Operating Systems for Parallel and Distributed Architectures

Homework #2

Test an MPI program of your choice and benchmark it on your cluster using a different number of compute nodes. Run it both in manual mode and through the job scheduler available on your Rocks cluster instance. Deadline: Week 14 (January 13th).

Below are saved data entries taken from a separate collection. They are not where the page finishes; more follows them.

lemma card_small_circuit_matrices_le:
  "card {A \<in> Pow ({..<n} \<times> {..<n}). \<exists>D. computes n D A \<and> ngates D \<le> s}
     \<le> (s + 1) * (n + s) ^ s * (n + s) ^ s * (n + s) ^ n"
proof -
  define wires where "wires m = PiE {..<m} (\<lambda>_. {..<n + s})" for m :: nat
  define X where "X = {..s} \<times> wires s \<times> wires s \<times> wires n"
  define f where "f = (\<lambda>(g, l, r, out). circ_matrix n \<lparr>ngates = g, lch = l, rch = r, outp = out\<rparr>)"
  have "{A \<in> Pow ({..<n} \<times> {..<n}). \<exists>D. computes n D A \<and> ngates D \<le> s} \<subseteq> f ` X"
  proof safe
    fix A D assume A: "A \<subseteq> {..<n} \<times> {..<n}" "computes n D A" "ngates D \<le> s"
    define g where "g = ngates D"
    \<comment> \<open>\<open>D\<close> with its wiring made extensional, so that its description lies in \<open>X\<close>\<close>
    define l where "l = restrict (\<lambda>j. if j < g then lch D j else 0) {..<s}"
    define r where "r = restrict (\<lambda>j. if j < g then rch D j else 0) {..<s}"
    define D' where "D' = \<lparr>ngates = g, lch = l, rch = r, outp = restrict (outp D) {..<n}\<rparr>"
    have wf: "wf_circ n D" using A(2) by (simp add: computes_def)
    then have inX: "(g, l, r, restrict (outp D) {..<n}) \<in> X"
      using A(3) by (fastforce simp: X_def wires_def l_def r_def g_def wf_circ_def)
    have outputs: "kval n D' (outp D' i) = kval n D (outp D i)" if "i < n" for i
    proof -
      have "outp D' i = outp D i" "outp D i < n + g"
        using wf that by (auto simp: D'_def wf_circ_def g_def)
      then show ?thesis
        using kval_prefix_cong[of g D' D "outp D i" n] A(3) by (simp add: D'_def l_def r_def g_def)
    qed
    have "f (g, l, r, restrict (outp D) {..<n}) = circ_matrix n D'" by (simp add: f_def D'_def)
    also have "\<dots> = circ_matrix n D" unfolding circ_matrix_def using outputs by auto
    also have "\<dots> = A" using A(1,2) by (auto simp: computes_def circ_matrix_def)
    finally show "A \<in> f ` X" using inX by blast
  qed
  moreover have "finite X" by (simp add: X_def wires_def finite_PiE)
  ultimately have "card {A \<in> Pow ({..<n} \<times> {..<n}). \<exists>D. computes n D A \<and> ngates D \<le> s} \<le> card X"
    by (meson card_image_le card_mono finite_imageI order_trans)
  also have "card X = (s + 1) * (n + s) ^ s * (n + s) ^ s * (n + s) ^ n"
    by (simp add: X_def wires_def card_cartesian_product card_PiE algebra_simps)
  finally show ?thesis .
qed

lemma card_zero_row_matrices_le:
  "card {A \<in> Pow ({..<n} \<times> {..<n}). \<exists>i<n. \<forall>j<n. (i, j) \<notin> A} \<le> n * 2 ^ (n * n - n)"
proof -
  define sq where "sq = {..<n} \<times> {..<(n::nat)}"
  have card_row_zero: "card (Pow (sq - {i} \<times> {..<n})) = 2 ^ (n * n - n)" if "i < n" for i
  proof -
    have "card (sq - {i} \<times> {..<n}) = card sq - card ({i} \<times> {..<n})"
      by (rule card_Diff_subset) (use that in \<open>auto simp: sq_def\<close>)
    then show ?thesis by (simp add: card_Pow sq_def card_cartesian_product)
  qed
  have "card {A \<in> Pow sq. \<exists>i<n. \<forall>j<n. (i, j) \<notin> A} \<le> card (\<Union>i<n. Pow (sq - {i} \<times> {..<n}))"
    by (rule card_mono) (auto simp: sq_def)
  also have "\<dots> \<le> (\<Sum>i<n. card (Pow (sq - {i} \<times> {..<n})))" by (rule card_UN_le) simp
  also have "\<dots> = n * 2 ^ (n * n - n)" using card_row_zero by simp
  finally show ?thesis by (simp add: sq_def)
qed
(* Let $\kappa$ be a cardinal and let $(X,\tau)$ be a $\kappa$-exclusive space with Lindelöf degree $L(X)=\kappa$. Then $X$ is a D-space.
   Context: The Lindelöf degree $L(X)$ is the least cardinal $\kappa$ such that every open cover of $X$ has a subcover of cardinality at most $\kappa$. For a cardinal $\kappa$, $(X,\tau)$ is $\kappa$-exclusive if for every $x\in X$, every open neighborhood $U$ of $x$, and every $A\subseteq U$ with $x\notin A$ and $|A|\le\kappa$, there is an open neighborhood $V$ of $x$ with $V\subseteq U\setminus A$. An open neighborhood assignment is a function $N:X\to\tau$ with $x\in N(x)$ for all $x$. $X$ is a D-space if for every open neighborhood assignment $N$ there is a closed discrete $D\subseteq X$ with $\bigcup_{d\in D}N(d)=X$. *)

theory Defs
  imports "HOL-Analysis.Analysis" "HOL-Library.Equipollence"
begin

text \<open>Cardinals are represented by sets K of an arbitrary type; "|A| \<le> \<kappa>" is A \<lesssim> K.\<close>

definition open_cover :: "'a topology \<Rightarrow> 'a set set \<Rightarrow> bool" where
  "open_cover X \<U> \<longleftrightarrow> (\<forall>U\<in>\<U>. openin X U) \<and> \<Union>\<U> = topspace X"

definition lindelof_le :: "'a topology \<Rightarrow> 'k set \<Rightarrow> bool" where
  "lindelof_le X K \<longleftrightarrow>
     (\<forall>\<U>. open_cover X \<U> \<longrightarrow> (\<exists>\<V>. \<V> \<subseteq> \<U> \<and> \<Union>\<V> = topspace X \<and> \<V> \<lesssim> K))"

text \<open>L(X) = |K|: |K| is the least cardinal with the above property
  (every smaller cardinal is represented by a set M of the same type with M \<prec> K).\<close>
definition lindelof_degree_eq :: "'a topology \<Rightarrow> 'k set \<Rightarrow> bool" where
  "lindelof_degree_eq X K \<longleftrightarrow>
     lindelof_le X K \<and> (\<forall>M::'k set. M \<prec> K \<longrightarrow> \<not> lindelof_le X M)"

definition kappa_exclusive :: "'k set \<Rightarrow> 'a topology \<Rightarrow> bool" where
  "kappa_exclusive K X \<longleftrightarrow>
     (\<forall>x U A. x \<in> topspace X \<and> openin X U \<and> x \<in> U \<and> A \<subseteq> U \<and> x \<notin> A \<and> A \<lesssim> K
        \<longrightarrow> (\<exists>V. openin X V \<and> x \<in> V \<and> V \<subseteq> U - A))"

definition open_nbhd_assignment :: "'a topology \<Rightarrow> ('a \<Rightarrow> 'a set) \<Rightarrow> bool" where
  "open_nbhd_assignment X N \<longleftrightarrow> (\<forall>x\<in>topspace X. openin X (N x) \<and> x \<in> N x)"

definition closed_discrete :: "'a topology \<Rightarrow> 'a set \<Rightarrow> bool" where
  "closed_discrete X D \<longleftrightarrow> closedin X D \<and> subtopology X D = discrete_topology D"

definition D_space :: "'a topology \<Rightarrow> bool" where
  "D_space X \<longleftrightarrow>
     (\<forall>N. open_nbhd_assignment X N \<longrightarrow>
        (\<exists>D. closed_discrete X D \<and> \<Union>(N ` D) = topspace X))"

end

theory Submission
  imports Defs
begin

text \<open>By the Lindel\<ouml>f bound, the cover by the neighbourhoods N x has a subcover indexed by a
  set D of at most \<kappa> points. In a \<kappa>-exclusive space every set of at most \<kappa> points is
  closed, and so is each of its subsets; hence D is closed and discrete. Only L(X) \<le> \<kappa> is
  needed.\<close>

lemma kappa_exclusive_closedin:
  assumes "kappa_exclusive K X" "B \<subseteq> topspace X" "B \<lesssim> K"
  shows "closedin X B"
proof -
  have "openin X (topspace X - B)"
  proof (subst openin_subopen, intro ballI)
    fix x assume "x \<in> topspace X - B"
    then show "\<exists>W. openin X W \<and> x \<in> W \<and> W \<subseteq> topspace X - B"
      using assms unfolding kappa_exclusive_def by (metis DiffD1 DiffD2 openin_topspace)
  qed
  then show ?thesis using assms(2) by (simp add: closedin_def)
qed

lemma kappa_exclusive_closed_discrete:
  assumes ex: "kappa_exclusive K X" and D: "D \<subseteq> topspace X" "D \<lesssim> K"
  shows "closed_discrete X D"
proof -
  have "D \<inter> X derived_set_of D = {}"
  proof (rule ccontr)
    assume "D \<inter> X derived_set_of D \<noteq> {}"
    then obtain x where x: "x \<in> D" "x \<in> X derived_set_of D" by blast
    have "D - {x} \<lesssim> K"
      using lepoll_trans[OF subset_imp_lepoll D(2)] by blast
    then obtain W where "openin X W" "x \<in> W" "W \<subseteq> topspace X - (D - {x})"
      using ex[unfolded kappa_exclusive_def, rule_format, of x "topspace X" "D - {x}"] x(1) D(1)
      by auto
    then show False using x(2) unfolding in_derived_set_of by blast
  qed
  then have "subtopology X D = discrete_topology D"
    using D(1) by (simp add: subtopology_eq_discrete_topology_eq)
  then show ?thesis
    using kappa_exclusive_closedin[OF ex D] by (simp add: closed_discrete_def)
qed

lemma lindelof_le_nbhd_assignment_kernel:
  assumes L: "lindelof_le X K" and N: "open_nbhd_assignment X N"
  obtains D where "D \<subseteq> topspace X" "D \<lesssim> K" "\<Union>(N ` D) = topspace X"
proof -
  have N': "openin X (N x)" "x \<in> N x" if "x \<in> topspace X" for x
    using N that unfolding open_nbhd_assignment_def by auto
  then have "\<Union>(N ` topspace X) = topspace X"
    using openin_subset by blast
  then have "open_cover X (N ` topspace X)"
    using N' unfolding open_cover_def by blast
  then obtain \<V> where \<V>: "\<V> \<subseteq> N ` topspace X" "\<Union>\<V> = topspace X" "\<V> \<lesssim> K"
    using L unfolding lindelof_le_def by meson
  then obtain D where D: "D \<subseteq> topspace X" "inj_on N D" "\<V> = N ` D"
    using subset_image_inj by metis
  have "D \<approx> \<V>"
    unfolding D(3) using eqpoll_sym[OF inj_on_image_eqpoll_self[OF D(2)]] .
  then have "D \<lesssim> K"
    using \<V>(3) by (rule lepoll_trans1)
  then show thesis
    using that D \<V>(2) by blast
qed

theorem mainTheorem6:
  fixes X :: "'a topology" and K :: "'k set"
  assumes "kappa_exclusive K X"
    and "lindelof_degree_eq X K"
  shows "D_space X"
  unfolding D_space_def
proof (intro allI impI)
  fix N assume "open_nbhd_assignment X N"
  moreover have "lindelof_le X K"
    using assms(2) by (simp add: lindelof_degree_eq_def)
  ultimately obtain D where "D \<subseteq> topspace X" "D \<lesssim> K" "\<Union>(N ` D) = topspace X"
    using lindelof_le_nbhd_assignment_kernel by blast
  then show "\<exists>D. closed_discrete X D \<and> \<Union>(N ` D) = topspace X"
    using kappa_exclusive_closed_discrete[OF assms(1)] by blast
qed

end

Dear All, some announcements from my side (Nov., 23rd):

  • Homework Deadline Extension:
    Since installing Rocks version 7 has proven to be more challenging, the deadline for the first homework assignment has been extended to Week 11 (December 9th). I recommend completing the homework using Rocks version 6 and Oracle VirtualBox version 5 (my working cluster with Rocks version 6 runs on Oracle VirtualBox 5.2.44). Please note that other virtualization software might work as well. For those determined enough to stick with Rocks version 7, extra points will be awarded for a fully functioning virtualized cluster 😊.
  • Exam Dates:
    After consulting with some of you, I have filled-in the exam dates in Academic Info. The dates are:

    • Regular session: February 5, 2025, at 17:00, Room C310 (Campus);
    • Retake session: February 19, 2025, at 17:00, Room C310 (Campus);
    • Additionally, there will be an extra date for the regular session that I will schedule.
  • Clustering Presentation:
    Regarding the clustering-related presentation you need to prepare:

    • Please select an available time slot from this file. (You cannot edit the file yourself.)
    • Send me an email with your chosen time slot and the title of your presentation. Any clustering-related topic is acceptable, but I need to approve it.
    • Presentations with “catchier” topics and engaging delivery will be graded higher.
    • Available time slots are in Week 12, Week 14, and on one Monday during the regular session at 17:00 when your group has no other exams scheduled. If you identify such a date in your schedule, please email me so I can coordinate accordingly.

Homework #1

Homework 1: Install a virtualized cluster containing a head node and at least two compute nodes in a virtual environment such as Oracle Virtual Box. The virtual cluster should run ROCKS Cluster Distribution 6.2 or 7.0. The number of compute nodes will depend on the available memory of your physical host. Deadline: Week 9 (November 25, 2024).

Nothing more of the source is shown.